Meshes of the Afternoon (1943)


Maya Deren
Alexander Hamid
Maya Deren
Director of Photography:
Alexander Hamid

Running time: 14 minutes

Though she directed it with her husband Alexander Hammid (credited as Alexander Hamid), Meshes of the Afternoon has come to be firmly associated with Maya Deren. An amazingly solid surrealist film, it easily inhabits the space that is usually filled with the pompous ego of Un Chien Andalou.

From the outside, Meshes of the Afternoon seems to tell the tale of a slightly disturbed woman, perhaps with suicidal tendencies, who goes to sleep in a chair (it what might or might not be her own house) and proceeds to dream an equally disturbing dream, before, well, it’s not clear at all what happens at the end of the film because over time the apparently clear distinction between dream and reality is elided to the point where Inception would be straightforward.

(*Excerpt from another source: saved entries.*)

text \<open>In a local ring with \<open>w \<in> m\<close> the factor
  \<open>1 - w\<close> is a unit (\<open>unit_cancel\<close>), so \<open>x\<close> lies in every ideal containing \<open>j\<close>.\<close>

lemma absorb_multiple:
  assumes "x = j \<oplus> w \<otimes> x" "j \<in> carrier R" "w \<in> carrier R" "x \<in> carrier R"
  shows "(\<one> \<ominus> w) \<otimes> x = j"
proof -
  have "(\<one> \<ominus> w) \<otimes> x = x \<ominus> w \<otimes> x" using assms(3,4) by algebra
  also have "\<dots> = (j \<oplus> w \<otimes> x) \<ominus> w \<otimes> x"
    by (rule arg_cong[where f = "\<lambda>t. t \<ominus> w \<otimes> x"]) (rule assms(1))
  also have "\<dots> = j" using assms(2-4) by algebra
  finally show ?thesis .
qed

lemma genideal_image:
  assumes g: "g \<in> ring_hom R R" and S: "S \<subseteq> carrier R"
  shows "Idl (g ` (Idl S)) = Idl (g ` S)"
proof
  have gS: "g ` S \<subseteq> carrier R" using S ring_hom_closed[OF g] by blast
  have "ideal {r \<in> carrier R. g r \<in> Idl (g ` S)} R"
    by (rule ring_hom_ring.ideal_vimage[OF ring_hom_ringI2[OF ring_axioms ring_axioms g]
          genideal_ideal[OF gS]])
  moreover have "S \<subseteq> {r \<in> carrier R. g r \<in> Idl (g ` S)}" using S genideal_self[OF gS] by blast
  ultimately have "Idl S \<subseteq> {r \<in> carrier R. g r \<in> Idl (g ` S)}" by (rule genideal_minimal)
  then show "Idl (g ` (Idl S)) \<subseteq> Idl (g ` S)" using genideal_minimal[OF genideal_ideal[OF gS]] by blast
next
  have "S \<subseteq> Idl S" "Idl S \<subseteq> carrier R"
    using genideal_self[OF S] ideal_subset_carrier[OF genideal_ideal[OF S]] .
  then show "Idl (g ` S) \<subseteq> Idl (g ` (Idl S))"
    using subset_Idl_subset[of "g ` (Idl S)" "g ` S"] ring_hom_closed[OF g] by blast
qed

lemma genideal_image_sum:
  assumes g: "g \<in> ring_hom R R" and iJ: "ideal J R" and x: "x \<in> carrier R"
  shows "Idl (g ` (J <+> PIdl x)) = Idl (g ` J) <+> PIdl (g x)"
proof
  have gJ: "g ` J \<subseteq> carrier R" using ideal_subset_carrier[OF iJ] ring_hom_closed[OF g] by blast
  have gx: "g x \<in> carrier R" using ring_hom_closed[OF g x] .
  have iS: "ideal (Idl (g ` J) <+> PIdl (g x)) R"
    using add_ideals[OF genideal_ideal[OF gJ] cgenideal_ideal[OF gx]] .
  have "g ` (J <+> PIdl x) \<subseteq> Idl (g ` J) <+> PIdl (g x)"
  proof
    fix w assume "w \<in> g ` (J <+> PIdl x)"
    then obtain j r where jr: "j \<in> J" "r \<in> carrier R" "w = g (j \<oplus> r \<otimes> x)"
      unfolding cgenideal_def by (blast elim: set_addE)
    then have "w = g j \<oplus> g r \<otimes> g x"
      using x ideal.Icarr[OF iJ] ring_hom_add[OF g] ring_hom_mult[OF g] by simp
    moreover have "g j \<in> Idl (g ` J)" using genideal_self[OF gJ] jr(1) by blast
    moreover have "g r \<otimes> g x \<in> PIdl (g x)" unfolding cgenideal_def
      using ring_hom_closed[OF g jr(2)] by blast
    ultimately show "w \<in> Idl (g ` J) <+> PIdl (g x)" by (blast intro: set_addI)
  qed
  then show "Idl (g ` (J <+> PIdl x)) \<subseteq> Idl (g ` J) <+> PIdl (g x)"
    by (rule genideal_minimal[OF iS])
next
  have iP: "ideal (PIdl x) R" using cgenideal_ideal[OF x] .
  have gJx: "g ` (J <+> PIdl x) \<subseteq> carrier R"
    using ideal_subset_carrier[OF add_ideals[OF iJ iP]] ring_hom_closed[OF g] by blast
  have iT: "ideal (Idl (g ` (J <+> PIdl x))) R" using genideal_ideal[OF gJx] .
  have "Idl (g ` J) \<subseteq> Idl (g ` (J <+> PIdl x))"
    using subset_Idl_subset[OF gJx] ideal_sum_upper(1)[OF iJ iP] by blast
  moreover have "g x \<in> Idl (g ` (J <+> PIdl x))"
    using genideal_self[OF gJx] ideal_sum_upper(2)[OF iJ iP] cgenideal_self[OF x] by blast
  then have "PIdl (g x) \<subseteq> Idl (g ` (J <+> PIdl x))" by (rule cgenideal_minimal[OF iT])
  ultimately show "Idl (g ` J) <+> PIdl (g x) \<subseteq> Idl (g ` (J <+> PIdl x))"
    using ideal_sum_least[OF genideal_ideal cgenideal_ideal iT]
      ring_hom_closed[OF g x] ideal_subset_carrier[OF iJ] ring_hom_closed[OF g] by blast
qed

lemma genideal_image_colon:
  assumes g: "g \<in> ring_hom R R" and iJ: "ideal J R" and x: "x \<in> carrier R"
    and K: "K \<subseteq> colon R J x"
  shows "Idl (g ` K) \<subseteq> colon R (Idl (g ` J)) (g x)"
proof (rule genideal_minimal[OF colon_ideal])
  have gJ: "g ` J \<subseteq> carrier R" using ideal_subset_carrier[OF iJ] ring_hom_closed[OF g] by blast
  show "ideal (Idl (g ` J)) R" using genideal_ideal[OF gJ] .
  show "g x \<in> carrier R" using ring_hom_closed[OF g x] .
  show "g ` K \<subseteq> colon R (Idl (g ` J)) (g x)"
  proof
    fix w assume "w \<in> g ` K"
    then obtain a where a: "a \<in> carrier R" "a \<otimes> x \<in> J" "w = g a"
      using K unfolding colon_def by blast
    then have "w \<otimes> g x = g (a \<otimes> x)" using x ring_hom_mult[OF g] by simp
    moreover have "g (a \<otimes> x) \<in> Idl (g ` J)" using genideal_self[OF gJ] a(2) by blast
    ultimately show "w \<in> colon R (Idl (g ` J)) (g x)"
      using a ring_hom_closed[OF g] unfolding colon_def by auto
  qed
qed

end

section \<open>Estimates for lengths\<close>

context cring
begin

text \<open>Subadditivity along \<open>A \<subseteq> B \<subseteq> C\<close>: a strict chain from \<open>A\<close> to \<open>C\<close> is cut by \<open>B\<close> into
  the traces \<open>J i \<inter> B\<close> (from \<open>A\<close> to \<open>B\<close>) and \<open>J i + B\<close> (from \<open>B\<close> to \<open>C\<close>); by the modular
  law every strict step survives in one of them.\<close>

lemma length_le_subadd:
  assumes iA: "ideal A R" and iB: "ideal B R" and iC: "ideal C R"
    and AB: "A \<subseteq> B" and BC: "B \<subseteq> C"
    and b1: "length_le R A B p" and b2: "length_le R B C q"
  shows "length_le R A C (p + q)"
  unfolding length_le_def
proof (intro allI impI)
  fix k assume "ideal_chain R A C k"
  then obtain J where J: "J 0 = A" "J k = C" "\<forall>i\<le>k. ideal (J i) R" "\<forall>i<k. J i \<subset> J (Suc i)"
    unfolding ideal_chain_def by blast
  define U where "U i = J i \<inter> B" for i
  define V where "V i = J i <+> B" for i
  define steps where "steps X = {i. i < k \<and> X i \<noteq> X (Suc i)}" for X :: "nat \<Rightarrow> 'a set"
  have "\<forall>i\<le>k. ideal (U i) R" "\<forall>i<k. U i \<subseteq> U (Suc i)"
    unfolding U_def using J(3,4) iB by (auto simp: i_intersect)
  then have "ideal_chain R (U 0) (U k) (card (steps U))"
    unfolding steps_def by (rule ideal_chain_drop_repeats)
  moreover have "U 0 = A" "U k = B" unfolding U_def using J(1,2) AB BC by blast+
  ultimately have cU: "card (steps U) \<le> p" using b1 unfolding length_le_def by simp
  have "\<forall>i\<le>k. ideal (V i) R" "\<forall>i<k. V i \<subseteq> V (Suc i)"
    unfolding V_def using J(3,4) iB by (auto simp: add_ideals set_add_mono psubset_imp_subset)
  then have "ideal_chain R (V 0) (V k) (card (steps V))"
    unfolding steps_def by (rule ideal_chain_drop_repeats)
  moreover have "V 0 = B" "V k = C"
    unfolding V_def using J(1,2) ideal_sum_absorb iA iB iC AB BC by simp_all
  ultimately have cV: "card (steps V) \<le> q" using b2 unfolding length_le_def by simp
  have "{..<k} \<subseteq> steps U \<union> steps V"
  proof
    fix i assume i: "i \<in> {..<k}"
    have "J (Suc i) \<noteq> J i" using J(4) i by blast
    then have "\<not> (U i = U (Suc i) \<and> V i = V (Suc i))"
      using ideal_eq_by_modularity[of "J i" "J (Suc i)" B] J(3,4) iB i
      unfolding U_def V_def by auto
    then show "i \<in> steps U \<union> steps V" using i unfolding steps_def by auto
  qed
  then have "k \<le> card (steps U \<union> steps V)"
    using card_mono[of "steps U \<union> steps V" "{..<k}"] unfolding steps_def by simp
  also have "\<dots> \<le> card (steps U) + card (steps V)" by (rule card_Un_le)
  finally show "k \<le> p + q" using cU cV by linarith
qed

lemma length_le_chain_sum:
  assumes iL: "\<forall>i\<le>k. ideal (L i) R" and mL: "\<forall>i<k. L i \<subseteq> L (Suc i)"
    and b: "\<forall>i<k. length_le R (L i) (L (Suc i)) q"
  shows "length_le R (L 0) (L k) (k * q)"
  using assms
proof (induction k)
  case 0
  then show ?case using length_le_refl by simp
next
  case (Suc k)
  have "L 0 \<subseteq> L k" using chain_mono[of k L 0 k] Suc.prems(2) by simp
  then have "length_le R (L 0) (L (Suc k)) (k * q + q)"
    using length_le_subadd[of "L 0" "L k" "L (Suc k)"] Suc by simp
  then show ?case by (simp add: add.commute)
qed

text \<open>The cyclic module \<open>(A + R y)/A \<cong> R/(A : y)\<close>: chains between \<open>A\<close> and \<open>A + R y\<close> map
  injectively to chains of colon ideals from \<open>(A : y)\<close> to \<open>R\<close>.\<close>

lemma length_le_cyclic:
  assumes iA: "ideal A R" and y: "y \<in> carrier R"
    and b: "length_le R (colon R A y) (carrier R) q"
  shows "length_le R A (A <+> PIdl y) q"
  unfolding length_le_def
proof (intro allI impI)
  fix t assume "ideal_chain R A (A <+> PIdl y) t"
  then obtain M where M: "M 0 = A" "M t = A <+> PIdl y" "\<forall>i\<le>t. ideal (M i) R"
    "\<forall>i<t. M i \<subset> M (Suc i)" unfolding ideal_chain_def by blast
  have mono: "M i \<subseteq> M j" if "i \<le> j" "j \<le> t" for i j
    using chain_mono[of t M i j] M(4) that by blast
  have "ideal_chain R (colon R A y) (carrier R) t"
    unfolding ideal_chain_def
  proof (intro exI[of _ "\<lambda>i. colon R (M i) y"] conjI allI impI)
    have "r \<otimes> y \<in> A <+> PIdl y" if "r \<in> carrier R" for r
      using that ideal_sum_upper(2)[OF iA cgenideal_ideal[OF y]] unfolding cgenideal_def by blast
    then show "colon R (M t) y = carrier R" using M(2) unfolding colon_def by blast
    fix i
    show "i \<le> t \<Longrightarrow> ideal (colon R (M i) y) R" using colon_ideal M(3) y by blast
    assume i: "i < t"
    have "colon R (M i) y \<subseteq> colon R (M (Suc i)) y"
      using M(4) i unfolding colon_def by blast
    moreover have "colon R (M i) y \<noteq> colon R (M (Suc i)) y"
      using colon_determines[OF iA _ _ y, of "M i" "M (Suc i)"] M mono[of 0 i] mono[of "Suc i" t] i
      by auto
    ultimately show "colon R (M i) y \<subset> colon R (M (Suc i)) y" by blast
  qed (use M(1) in simp)
  then show "t \<le> q" using b unfolding length_le_def by blast
qed

lemma length_le_split:
  assumes iA: "ideal A R" and g: "g \<in> carrier R"
    and b1: "length_le R (colon R A g) (carrier R) p"
    and b2: "length_le R (A <+> PIdl g) (carrier R) q"
  shows "length_le R A (carrier R) (p + q)"
proof -
  have iP: "ideal (PIdl g) R" using cgenideal_ideal[OF g] .
  have iB: "ideal (A <+> PIdl g) R" using add_ideals[OF iA iP] .
  show ?thesis
    using length_le_subadd[OF iA iB oneideal ideal_sum_upper(1)[OF iA iP]
        ideal_subset_carrier[OF iB] length_le_cyclic[OF iA g b1] b2] .
qed

lemma ideal_chain_exists:
  assumes "ideal I R"
  shows "\<exists>k. ideal_chain R I (carrier R) k"
proof (cases "I = carrier R")
  case True
  then show ?thesis unfolding ideal_chain_def
    by (intro exI[of _ 0] exI[of _ "\<lambda>_. I"]) (use assms in simp)
next
  case False
  then have "I \<subset> carrier R" using ideal_subset_carrier[OF assms] by blast
  then show ?thesis unfolding ideal_chain_def
    by (intro exI[of _ 1] exI[of _ "\<lambda>i. if i = 0 then I else carrier R"]) (use assms oneideal in auto)
qed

A few symbols, most prominently the key and the knife, are constantly evoked over the course of this 14-minute film, and it is the way in which they feature and the way Deren and Hammid make them manifest onscreen that turn everyday objects, inanimate as they may be otherwise, into objects of uneasiness. A few jump cuts (and remember, this was 15 years before À Bout de souffle) are used to great effect to unnerve the viewer and another impressively staged sequence involves the main character slithering through the air, or perhaps across the ceiling on her back, in ways that seem possible in a dream.

The film is silent and it goes not for visceral horror, as in Buñuel and Dali’s film, but for a sweet darkness that plays with light and shadow, has an appearance by the Grim Reaper whose face is a mirror (another symbol that will reappear towards the very end of the film) and drags us ever deeper into the hole of uncertainty regarding the clean separation of realities. A bizarre number of close-ups involving feet are also there to interpret as you wish.

What is most admirable about the film is its deft transition between points of view and its seduction of the viewer by making us comfortable with one kind of reality while positioning us to accept another much less definable reality almost immediately. The film certainly succeeds in holding our attention, though towards the end, after shards of a mirror abruptly fall into the ocean (though, unlike the end of Un Chien Andalou, the action does not suddenly shift to the seaside), the film does become slightly less compelling.

The use of the camera is astounding and such simple motions as rolling it from side to side to simulate the sensation of being on a boat, even while the action is inside the very stable confines of a house, is perfectly suited to the material and evokes a slight nausea that is useful if not essential to the viewer’s experience.

The film has more shadows than actual characters and the lack of character names is a fact as interesting as it is significant. The well-known image of the central character looking out of a window, seemingly trapped by a transparent sheet of glass, has been used by many subsequent films and is one of the rare images where the intention and the meaning seem to be apparent.

Meshes of the Afternoon is a rabbit-hole film that would be endlessly fruitful for discussions of the subconscious and the way in which our light and dark desires can manifest themselves in our dreams, not only in images but in movements and most importantly in atmosphere.